Whether a queue is candidate for monitoring is determined by a regular expression match between what the user provides and the name of the queue. The regular expression and pattern matching is evaluated against each name one by one to select the filter of candidate queues.
The queues are enumerated based on windows API and these are with the corresponding begin and get next methods. Each queue retrieved will have a name that can be matched with the regex provided.
The queues may have different number of messages but each monitor thread works on only the current message on any queue. If that message is read or timeout, it moves to the current message of the next queue to work on . All candidate queues are treated equally with the optimization that no messages are fixed costs that we could try to reduce with say smaller timeouts
If we consider this round robin method of retrieving the current message from each of the queues, there is fair treatment of all queues and a guarantee for progress. What we will be missing is whether we can accelerate on queues where the same or no messages are current.
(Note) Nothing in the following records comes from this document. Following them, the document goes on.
(* Let $a_1,a_2>0$, $e_1,e_2\in[0,1)$ and $E_1,E_2\in\mathbb{R}$. Put $x_i=a_i(\cos E_i-e_i)$, $y_i=a_i\sqrt{1-e_i^2}\,\sin E_i$ for $i=1,2$, and let $R_{AB}^2=(x_1-x_2)^2+(y_1-y_2)^2$ be the squared Euclidean distance. Suppose the "condition for intersatellite communications" holds: $$4a_1a_2\sqrt{(1-e_1^2)(1-e_2^2)}\,\sin E_1\sin E_2=a_1^2+a_2^2+(a_2e_2-a_1e_1)^2-\tfrac12\left(e_1^2a_1^2+e_2^2a_2^2\right).$$ Define the squared geodesic distance $$\widetilde R_{AB}^2=\tfrac12(a_1^2+a_2^2)+\tfrac12(a_2e_2-a_1e_1)^2+\tfrac14(a_1^2e_1^2+a_2^2e_2^2)-\left(2e_1a_1^2\cos E_1+2e_2a_2^2\cos E_2\right)-\left(e_1^2a_1^2\sin^2E_1+e_2^2a_2^2\sin^2E_2\right)-2a_1a_2\cos E_1\cos E_2+2a_1a_2\left(e_2\cos E_1+e_1\cos E_2\right).$$ Then $\widetilde R_{AB}^2\ge R_{AB}^2$.
   Context: The points $(x_i,y_i)$ are positions of two satellites on coplanar Kepler ellipses with semi-major axes $a_i$, eccentricities $e_i$ and eccentric anomaly angles $E_i$, parametrized as stated. The quantity $\widetilde R_{AB}^2$ is what the paper calls the (square of the) geodesic distance; it is given explicitly by the displayed formula. *)

theory Defs
  imports Complex_Main
begin

definition kepler_x :: "real \<Rightarrow> real \<Rightarrow> real \<Rightarrow> real" where
  "kepler_x a e E = a * (cos E - e)"

definition kepler_y :: "real \<Rightarrow> real \<Rightarrow> real \<Rightarrow> real" where
  "kepler_y a e E = a * sqrt (1 - e^2) * sin E"

definition euclid_dist_sq ::
  "real \<Rightarrow> real \<Rightarrow> real \<Rightarrow> real \<Rightarrow> real \<Rightarrow> real \<Rightarrow> real" where
  "euclid_dist_sq a1 e1 E1 a2 e2 E2 =
     (kepler_x a1 e1 E1 - kepler_x a2 e2 E2)^2 + (kepler_y a1 e1 E1 - kepler_y a2 e2 E2)^2"

definition intersat_condition ::
  "real \<Rightarrow> real \<Rightarrow> real \<Rightarrow> real \<Rightarrow> real \<Rightarrow> real \<Rightarrow> bool" where
  "intersat_condition a1 e1 E1 a2 e2 E2 \<longleftrightarrow>
     4 * a1 * a2 * sqrt ((1 - e1^2) * (1 - e2^2)) * sin E1 * sin E2 =
     a1^2 + a2^2 + (a2 * e2 - a1 * e1)^2 - (1/2) * (e1^2 * a1^2 + e2^2 * a2^2)"

definition geodesic_dist_sq ::
  "real \<Rightarrow> real \<Rightarrow> real \<Rightarrow> real \<Rightarrow> real \<Rightarrow> real \<Rightarrow> real" where
  "geodesic_dist_sq a1 e1 E1 a2 e2 E2 =
     (1/2) * (a1^2 + a2^2) + (1/2) * (a2 * e2 - a1 * e1)^2
     + (1/4) * (a1^2 * e1^2 + a2^2 * e2^2)
     - (2 * e1 * a1^2 * cos E1 + 2 * e2 * a2^2 * cos E2)
     - (e1^2 * a1^2 * (sin E1)^2 + e2^2 * a2^2 * (sin E2)^2)
     - 2 * a1 * a2 * cos E1 * cos E2
     + 2 * a1 * a2 * (e2 * cos E1 + e1 * cos E2)"

end

theory Submission
  imports Defs
begin

text \<open>Expanding the Euclidean distance, the only term involving the product
  \<open>sin E1 * sin E2\<close> is the cross term of the \<open>y\<close>-coordinates; the intersatellite
  condition prescribes exactly its value. Eliminating it and \<open>sin\<^sup>2\<close> via
  \<open>sin\<^sup>2 = 1 - cos\<^sup>2\<close>, the Euclidean distance becomes the geodesic one, so the
  inequality even holds with equality.\<close>

lemma euclid_dist_sq_expand:
  fixes a1 a2 e1 e2 E1 E2 :: real
  assumes "\<bar>e1\<bar> \<le> 1" and "\<bar>e2\<bar> \<le> 1"
  shows "euclid_dist_sq a1 e1 E1 a2 e2 E2 =
      (a1 * (cos E1 - e1) - a2 * (cos E2 - e2))^2
      + a1^2 * (1 - e1^2) * (sin E1)^2 + a2^2 * (1 - e2^2) * (sin E2)^2
      - 2 * a1 * a2 * sqrt ((1 - e1^2) * (1 - e2^2)) * sin E1 * sin E2"
proof -
  have "(sqrt (1 - e1^2))^2 = 1 - e1^2" "(sqrt (1 - e2^2))^2 = 1 - e2^2"
    using assms by (simp_all add: abs_square_le_1)
  then show ?thesis
    unfolding euclid_dist_sq_def kepler_x_def kepler_y_def real_sqrt_mult
    by (simp add: power2_eq_square algebra_simps)
qed

lemma geodesic_dist_sq_eq_euclid_dist_sq:
  fixes a1 a2 e1 e2 E1 E2 :: real
  assumes "\<bar>e1\<bar> \<le> 1" and "\<bar>e2\<bar> \<le> 1"
    and "intersat_condition a1 e1 E1 a2 e2 E2"
  shows "geodesic_dist_sq a1 e1 E1 a2 e2 E2 = euclid_dist_sq a1 e1 E1 a2 e2 E2"
proof -
  have "(sin E1)^2 = 1 - (cos E1)^2" "(sin E2)^2 = 1 - (cos E2)^2"
    by (simp_all add: sin_squared_eq)
  with assms(3) show ?thesis
    unfolding euclid_dist_sq_expand[OF assms(1,2)] geodesic_dist_sq_def intersat_condition_def
    by algebra
qed

theorem mainTheorem1:
  fixes a1 a2 e1 e2 E1 E2 :: real
  assumes "a1 > 0" and "a2 > 0"
    and "0 \<le> e1" and "e1 < 1" and "0 \<le> e2" and "e2 < 1"
    and "intersat_condition a1 e1 E1 a2 e2 E2"
  shows "geodesic_dist_sq a1 e1 E1 a2 e2 E2 \<ge> euclid_dist_sq a1 e1 E1 a2 e2 E2"
proof -
  have "\<bar>e1\<bar> \<le> 1" "\<bar>e2\<bar> \<le> 1"
    using assms(3-6) by simp_all
  with assms(7) show ?thesis
    using geodesic_dist_sq_eq_euclid_dist_sq by simp
qed

end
If we could do that, we would be processing the queues with more number of messages faster. If we didn't do round robin, we wouldn't fair to all queues. Therefore we do not identify the priority queues based on the number of distinct messages they carry. The method we have will process the queues with more number of messages and will scale without additional logic or complexity.
Each set of queues are partitioned for workers so there is no need to solve any contention and load is optimal per worker.
The number of threads could be taken as one more than the number of available processors.

Monday, February 17, 2014

We review command line tools used for support of Splunk here.
cmd tool can invoke other tools by including the required preset environment variables. These can be displayed with the splunk envvars command.
The btoollllllll can be used to view or validate the Splunk configuration files. This is taking into account configuration file layering and user / app context i.e the configuration data visible to the given user and from the given app or from an absolute path or with extra debug information.
btprobe queries the fish bucket for file records stored by tailing by specifying the directory or crc compute file. Using the given key or file, this tool queries the specified BTree
classify cmd is used for classifying files with types.
fsck diagnoses the health of the buckets and can rebuild search data as necessary.
hot, warm, thawed or cold buckets can be specified separately or together with all.
locktest command  tests the locks
locktool command can be used to set and unset the tool
parsetest command can be used to parse log files
pcregextest command is a simple utility tool for testing modular regular expressions.
searchtest command is another tool to test search functionality of Splunk.
signtool is used for  verification and signing spunk index buckets.
tsidxprobe will take a look at your time series index files or tsidx and verify the formatting
 or identify a  problem file. It can look at each of the index files.
tsidx_scan.py is a utility script to search for tsidx files at a specified starting starting location, runs tsidxprobe for each one, and outputs the results to a file.
Perhaps one more tool that could be added to this belt is one that helps with monitoring and resource utilization to see if the number of servers or settings can be better adjusted

Saturday, February 15, 2014

What's a good way to scale the concurrent processing of  a queue both on the producer and consumer side ? This seems a text book question but think about support on cross platform and high performance. Maybe if we narrow down our question to windows platform, that would help. Anyways, its the number of concurrent workers we can have for a queue. The general rule of thumb was that you could have as many threads as one more than the number of processors to keep everyone busy. And if its a light weight worker without any overhead of TLS storage, we could scale to as many as we want. The virtual workers can use the same pool of physical threads. I'm not talking fibers which don't have the TLS storage as well. Fibers are definitely welcome over OS threads. But I'm looking at a way to parallelize as much as we can in terms of number of concurrent calls on the same system.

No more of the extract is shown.